Your answer should be the entries below, reproduced character for character.

··· DATA SHOWN ···

lemma take_sigma:
  assumes "set xs \<subseteq> {1, 2}" and "t \<le> length (sigma xs)"
  shows "\<exists>k \<le> length xs. take t (sigma xs) = sigma (take k xs)
           \<or> k < length xs \<and> take t (sigma xs) = sigma (take k xs) @ [2]"
  using assms
proof (induction xs arbitrary: t)
  case Nil
  then show ?case by simp
next
  case (Cons x xs)
  consider "t = 0" | "x = 2" "t = 1" | t' where "t = length (sigma [x]) + t'"
    using Cons.prems(1) by (cases t; cases "t - 1") auto
  then show ?case
  proof cases
    case 1
    then show ?thesis by (intro exI[of _ 0]) simp
  next
    case 2
    then show ?thesis by (intro exI[of _ 0]) simp
  next
    case 3
    then have "set xs \<subseteq> {1, 2}" "t' \<le> length (sigma xs)"
      using Cons.prems by auto
    then obtain k where "k \<le> length xs" and
      "take t' (sigma xs) = sigma (take k xs)
       \<or> k < length xs \<and> take t' (sigma xs) = sigma (take k xs) @ [2]"
      using Cons.IH by blast
    moreover have "take t (sigma (x # xs)) = sigma [x] @ take t' (sigma xs)"
      by (simp add: 3)
    moreover have "sigma (take (Suc k) (x # xs)) = sigma [x] @ sigma (take k xs)"
      by simp
    ultimately show ?thesis
      by (intro exI[of _ "Suc k"]) auto
  qed
qed

text \<open>This characterises the prefixes of the fixed point \<open>2 1 2 2 1 2 1 2 \<dots>\<close> of \<^const>\<open>sigma\<close>.\<close>

definition wythoff_prefix_sums :: "nat list \<Rightarrow> bool" where
  "wythoff_prefix_sums xs \<longleftrightarrow> (\<forall>t \<le> length xs. sum_list (take t xs) + 1 = wythoff (t + 1))"
definition property_PS :: "('a, 'b) monoid_scheme \<Rightarrow> 'a topology \<Rightarrow> bool" where
  "property_PS G T \<longleftrightarrow>
     (\<forall>g. (\<forall>n. g n \<in> carrier G) \<and> limitin T g \<one>\<^bsub>G\<^esub> sequentially \<longrightarrow>
        (\<exists>m k. strict_mono (m :: nat \<Rightarrow> nat) \<and> strict_mono (k :: nat \<Rightarrow> nat) \<and>
           limitin T (\<lambda>i. g (k i) [^]\<^bsub>G\<^esub> m i) \<one>\<^bsub>G\<^esub> sequentially))"

end

theory Submission
  imports Defs
begin

text \<open>
  Let \<open>g\<^sub>n \<rightarrow> 1\<close>. As \<open>T\<close> need not be T1, some \<open>g\<^sub>n\<close> may lie in every neighbourhood
  of 1, i.e. the constant sequence at \<open>g\<^sub>n\<close> converges to 1. If infinitely many do, so do
  all their powers, and \<open>g\<^sub>k\<^sub>i ^ i \<rightarrow> 1\<close> along them.

  Otherwise none does from some \<open>n\<^sub>0\<close> on. For fixed \<open>m\<close> the twisted powers \<open>g\<^sub>n ^ m * g\<^sub>m\<close>
  converge to \<open>g\<^sub>m\<close> as \<open>n \<rightarrow> \<infinity>\<close>, and eventually none of them lies in every
  neighbourhood of 1; so 1 is in the closure of the set of those with \<open>n\<^sub>0 \<le> m < n\<close> that
  do not. Frechet-Urysohn gives \<open>g\<^sub>N\<^sub>k ^ M\<^sub>k * g\<^sub>M\<^sub>k \<rightarrow> 1\<close> with terms from this set. Each of
  its values occurs only finitely often, so \<open>N\<^sub>k \<rightarrow> \<infinity>\<close>; a value \<open>m\<close> taken infinitely often
  by \<open>M\<^sub>k\<close> would put \<open>g\<^sub>m\<close> into every neighbourhood of 1, so \<open>M\<^sub>k \<rightarrow> \<infinity>\<close> too. Along a
  subsequence on which both increase, \<open>g\<^sub>N\<^sub>k ^ M\<^sub>k = (g\<^sub>N\<^sub>k ^ M\<^sub>k * g\<^sub>M\<^sub>k) * g\<^sub>M\<^sub>k\<inverse> \<rightarrow> 1\<close>.
\<close>

lemma limitin_compose_filterlim:
  assumes "limitin X f l F" and "filterlim h F G"
  shows "limitin X (f \<circ> h) l G"
  using assms by (auto simp: limitin_def filterlim_iff)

···

• [ANSWER BOX]:
lemma take_sigma:
  assumes "set xs \<subseteq> {1, 2}" and "t \<le> length (sigma xs)"
  shows "\<exists>k \<le> length xs. take t (sigma xs) = sigma (take k xs)
           \<or> k < length xs \<and> take t (sigma xs) = sigma (take k xs) @ [2]"
  using assms
proof (induction xs arbitrary: t)
  case Nil
  then show ?case by simp
next
  case (Cons x xs)
  consider "t = 0" | "x = 2" "t = 1" | t' where "t = length (sigma [x]) + t'"
    using Cons.prems(1) by (cases t; cases "t - 1") auto
  then show ?case
  proof cases
    case 1
    then show ?thesis by (intro exI[of _ 0]) simp
  next
    case 2
    then show ?thesis by (intro exI[of _ 0]) simp
  next
    case 3
    then have "set xs \<subseteq> {1, 2}" "t' \<le> length (sigma xs)"
      using Cons.prems by auto
    then obtain k where "k \<le> length xs" and
      "take t' (sigma xs) = sigma (take k xs)
       \<or> k < length xs \<and> take t' (sigma xs) = sigma (take k xs) @ [2]"
      using Cons.IH by blast
    moreover have "take t (sigma (x # xs)) = sigma [x] @ take t' (sigma xs)"
      by (simp add: 3)
    moreover have "sigma (take (Suc k) (x # xs)) = sigma [x] @ sigma (take k xs)"
      by simp
    ultimately show ?thesis
      by (intro exI[of _ "Suc k"]) auto
  qed
qed

text \<open>This characterises the prefixes of the fixed point \<open>2 1 2 2 1 2 1 2 \<dots>\<close> of \<^const>\<open>sigma\<close>.\<close>

definition wythoff_prefix_sums :: "nat list \<Rightarrow> bool" where
  "wythoff_prefix_sums xs \<longleftrightarrow> (\<forall>t \<le> length xs. sum_list (take t xs) + 1 = wythoff (t + 1))"
definition property_PS :: "('a, 'b) monoid_scheme \<Rightarrow> 'a topology \<Rightarrow> bool" where
  "property_PS G T \<longleftrightarrow>
     (\<forall>g. (\<forall>n. g n \<in> carrier G) \<and> limitin T g \<one>\<^bsub>G\<^esub> sequentially \<longrightarrow>
        (\<exists>m k. strict_mono (m :: nat \<Rightarrow> nat) \<and> strict_mono (k :: nat \<Rightarrow> nat) \<and>
           limitin T (\<lambda>i. g (k i) [^]\<^bsub>G\<^esub> m i) \<one>\<^bsub>G\<^esub> sequentially))"

end

theory Submission
  imports Defs
begin

text \<open>
  Let \<open>g\<^sub>n \<rightarrow> 1\<close>. As \<open>T\<close> need not be T1, some \<open>g\<^sub>n\<close> may lie in every neighbourhood
  of 1, i.e. the constant sequence at \<open>g\<^sub>n\<close> converges to 1. If infinitely many do, so do
  all their powers, and \<open>g\<^sub>k\<^sub>i ^ i \<rightarrow> 1\<close> along them.

  Otherwise none does from some \<open>n\<^sub>0\<close> on. For fixed \<open>m\<close> the twisted powers \<open>g\<^sub>n ^ m * g\<^sub>m\<close>
  converge to \<open>g\<^sub>m\<close> as \<open>n \<rightarrow> \<infinity>\<close>, and eventually none of them lies in every
  neighbourhood of 1; so 1 is in the closure of the set of those with \<open>n\<^sub>0 \<le> m < n\<close> that
  do not. Frechet-Urysohn gives \<open>g\<^sub>N\<^sub>k ^ M\<^sub>k * g\<^sub>M\<^sub>k \<rightarrow> 1\<close> with terms from this set. Each of
  its values occurs only finitely often, so \<open>N\<^sub>k \<rightarrow> \<infinity>\<close>; a value \<open>m\<close> taken infinitely often
  by \<open>M\<^sub>k\<close> would put \<open>g\<^sub>m\<close> into every neighbourhood of 1, so \<open>M\<^sub>k \<rightarrow> \<infinity>\<close> too. Along a
  subsequence on which both increase, \<open>g\<^sub>N\<^sub>k ^ M\<^sub>k = (g\<^sub>N\<^sub>k ^ M\<^sub>k * g\<^sub>M\<^sub>k) * g\<^sub>M\<^sub>k\<inverse> \<rightarrow> 1\<close>.
\<close>

lemma limitin_compose_filterlim:
  assumes "limitin X f l F" and "filterlim h F G"
  shows "limitin X (f \<circ> h) l G"
  using assms by (auto simp: limitin_def filterlim_iff)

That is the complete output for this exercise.